A better Scheme reader
The previous Scheme reader was based on recursive descent. But what I really wanted was something like LR(0) parsing, in order to avoid reading an extra token. In LR(0) parsing, a starting token is put on a stack, and then a state machine decides what to do next. You can read in a token and “shift” it to a stack, “reduce” the end items on the stack to a single item, or “halt” a successful parse. Lisp is simple enough that the one item on the stack top represents a parse state.
The new method is much simpler. It has an initialization procedure that starts the stack with one token, a parsing decision iterator (in tail recursive form), and a reducing procedure. The quote read-macro processing is now in a procedure.
The reduce procedure has a check for the empty list, in case an S-expression with dot notation is malformed.
The data loss of reading an S-expression is now reduced to the one character that follows the S-expression. By requiring whitespace between top level S-expressions, we can exchange data files with other Lisps. We can also start to store S-expression data in separate files to help organize what we have.
The read-token procedure, the lexer, handles the bulk of the parsing.

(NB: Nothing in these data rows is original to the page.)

lemma ctrans_dunder_Lipschitz:
  assumes c: "\<And>x y. \<bar>c x y\<bar> \<le> M" and g: "\<And>x. \<bar>g x\<bar> \<le> A"
  shows "\<bar>ctrans c g y - ctrans c g y'\<bar> \<le> dunder c y y'"
proof -
  have "ctrans c g y - dunder c y y' \<le> ctrans c g y'" for y y'
  proof (rule ctrans_greatest)
    fix x
    show "ctrans c g y - dunder c y y' \<le> c x y' - g x"
      using ctrans_le[of c M g A y x, OF c g] abs_diff_le_dunder[of c M x y y', OF c] by linarith
  qed
  from this[of y y'] this[of y' y] show ?thesis
    unfolding abs_le_iff dunder_commute[of c y' y] by linarith
qed

lemma le_ctrans_if_feasible: "(\<And>x. \<xi> x + \<zeta> y \<le> c x y) \<Longrightarrow> \<zeta> y \<le> ctrans c \<xi> y"
  by (rule ctrans_greatest) (simp add: algebra_simps)

lemma ctrans_feasible:
  assumes c: "\<And>x y. \<bar>c x y\<bar> \<le> M" and \<xi>: "\<And>x. \<bar>\<xi> x\<bar> \<le> A"
  shows "\<xi> x + ctrans c \<xi> y \<le> c x y"
  using ctrans_le[of c M \<xi> A y x, OF c \<xi>] by simp

lemma le_cbtrans_if_feasible: "(\<And>y. \<xi> x + \<zeta> y \<le> c x y) \<Longrightarrow> \<xi> x \<le> cbtrans c \<zeta> x"
  unfolding cbtrans_eq_ctrans_swap by (rule le_ctrans_if_feasible) (simp add: add.commute)

lemma cbtrans_feasible:
  assumes c: "\<And>x y. \<bar>c x y\<bar> \<le> M" and \<zeta>: "\<And>y. \<bar>\<zeta> y\<bar> \<le> A"
  shows "cbtrans c \<zeta> x + \<zeta> y \<le> c x y"
  using ctrans_feasible[of "\<lambda>y x. c x y", OF c \<zeta>] by (simp add: cbtrans_eq_ctrans_swap add.commute)

lemma double_ctrans_feasible:
  assumes c: "\<And>x y. \<bar>c x y\<bar> \<le> M" and \<xi>: "\<And>x. \<bar>\<xi> x\<bar> \<le> A"
  shows "oplus (cbtrans c (ctrans c \<xi>)) (ctrans c \<xi>) \<le> c"
  unfolding oplus_le_iff
  using cbtrans_feasible[of c M "ctrans c \<xi>" "M + A", OF c abs_ctrans_le[of c M \<xi> A, OF c \<xi>]]
  by blast

lemma double_ctrans_improves:
  assumes c: "\<And>x y. \<bar>c x y\<bar> \<le> M" and \<xi>: "\<And>x. \<bar>\<xi> x\<bar> \<le> A" and feas: "oplus \<xi> \<zeta> \<le> c"
  shows "oplus \<xi> \<zeta> \<le> oplus (cbtrans c (ctrans c \<xi>)) (ctrans c \<xi>)"
proof (rule oplus_mono)
  show "\<zeta> y \<le> ctrans c \<xi> y" for y
    using feas by (intro le_ctrans_if_feasible) (simp add: oplus_le_iff)
  show "\<xi> x \<le> cbtrans c (ctrans c \<xi>) x" for x
    by (rule le_cbtrans_if_feasible) (rule ctrans_feasible[of c M \<xi> A, OF c \<xi>])
qed

section \<open>Bounded functions that are 1-Lipschitz for a pseudometric\<close>

definition lip_bdd_set :: "('z \<Rightarrow> 'z \<Rightarrow> real) \<Rightarrow> real \<Rightarrow> ('z \<Rightarrow> real) set" where
  "lip_bdd_set d B = {g. (\<forall>z. \<bar>g z\<bar> \<le> B) \<and> (\<forall>z z'. \<bar>g z - g z'\<bar> \<le> d z z')}"

lemma ctrans_in_lip_bdd_set:
  assumes c: "\<And>x y. \<bar>c x y\<bar> \<le> M" and g: "\<And>x. \<bar>g x\<bar> \<le> A"
  shows "ctrans c g \<in> lip_bdd_set (dunder c) (M + A)"
  unfolding lip_bdd_set_def mem_Collect_eq
  using abs_ctrans_le[of c M g A, OF c g] ctrans_dunder_Lipschitz[of c M g A, OF c g] by simp

lemma cbtrans_in_lip_bdd_set:
  assumes c: "\<And>x y. \<bar>c x y\<bar> \<le> M" and g: "\<And>y. \<bar>g y\<bar> \<le> A"
  shows "cbtrans c g \<in> lip_bdd_set (dbar c) (M + A)"
  unfolding cbtrans_eq_ctrans_swap dbar_eq_dunder_swap
  by (rule ctrans_in_lip_bdd_set) (use c g in auto)

lemma compact_lip_bdd_set: "compact (lip_bdd_set d B)"
proof -
  have "compact (PiE UNIV (\<lambda>_::'z. {-B..B}))"
    using compactin_PiE[of "\<lambda>_. euclidean" UNIV "\<lambda>_::'z. {-B..B}"]
    by (simp add: euclidean_product_topology)
  moreover have "closed (lip_bdd_set d B)"
  proof -
    have "lip_bdd_set d B = (\<Inter>z. {g. \<bar>g z\<bar> \<le> B}) \<inter> (\<Inter>z. \<Inter>z'. {g. \<bar>g z - g z'\<bar> \<le> d z z'})"
      unfolding lip_bdd_set_def by blast
    then show ?thesis
      by (simp only:) (intro closed_Int closed_INT ballI closed_Collect_le continuous_intros
          continuous_on_product_coordinates)
  qed
  moreover have "lip_bdd_set d B \<subseteq> PiE UNIV (\<lambda>_. {-B..B})"
    unfolding lip_bdd_set_def by (auto simp: abs_le_iff) (metis minus_le_iff)
  ultimately show ?thesis
    using compact_Int_closed[of "PiE UNIV (\<lambda>_. {-B..B})" "lip_bdd_set d B"] by (simp add: Int_absorb1)
qed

It is fairly big because numbers are handled very inefficiently.
(read-object
(lambda ()
(letrec
(
;;; make unique objects to put in stack
(tick-token '(tick-token))
(lpar-token '(lpar-token))
(rpar-token '(rpar-token))
(dot-token '(dot-token))
(read-obj
(lambda ()
(read-o (list (read-token)))))
;;; We use eq? here to ensure we test
;;; for the unique objects we created.
(read-o
(lambda (stack)
(cond
((eq? (car stack) lpar-token) (read-o (cons (read-token) stack)))
((eq? (car stack) rpar-token) (read-o (reduce (cdr stack) '())))
((eq? (car stack) tick-token) (read-o (cons (read-quote) (cdr stack))))
((null? (cdr stack)) (car stack)) ; terminate when only one non-delimiter on stack
(#t (read-o (cons (read-token) stack))))))
;;; Here we combine several list items
;;; into a single list, and restack.
;;; We return a stack because only this
;;; procedure knows how much to discard.
;;; We use eq? here to ensure we test
;;; for the unique objects we created.
(reduce
(lambda (stack tail)
(cond
((null? (car stack)) (cons tail (cdr stack)))
((eq? (car stack) lpar-token) (cons tail (cdr stack)))
((eq? (car stack) dot-token) (reduce (cddr stack) (cons (cadr stack) (car tail))))
(#t (reduce (cdr stack) (cons (car stack) tail))))))
;;; prototype for a read-macro
(read-quote
(lambda ()
(list 'quote (read-obj))))
;;;
;;; token code omitted
;;;
)
(read-obj))))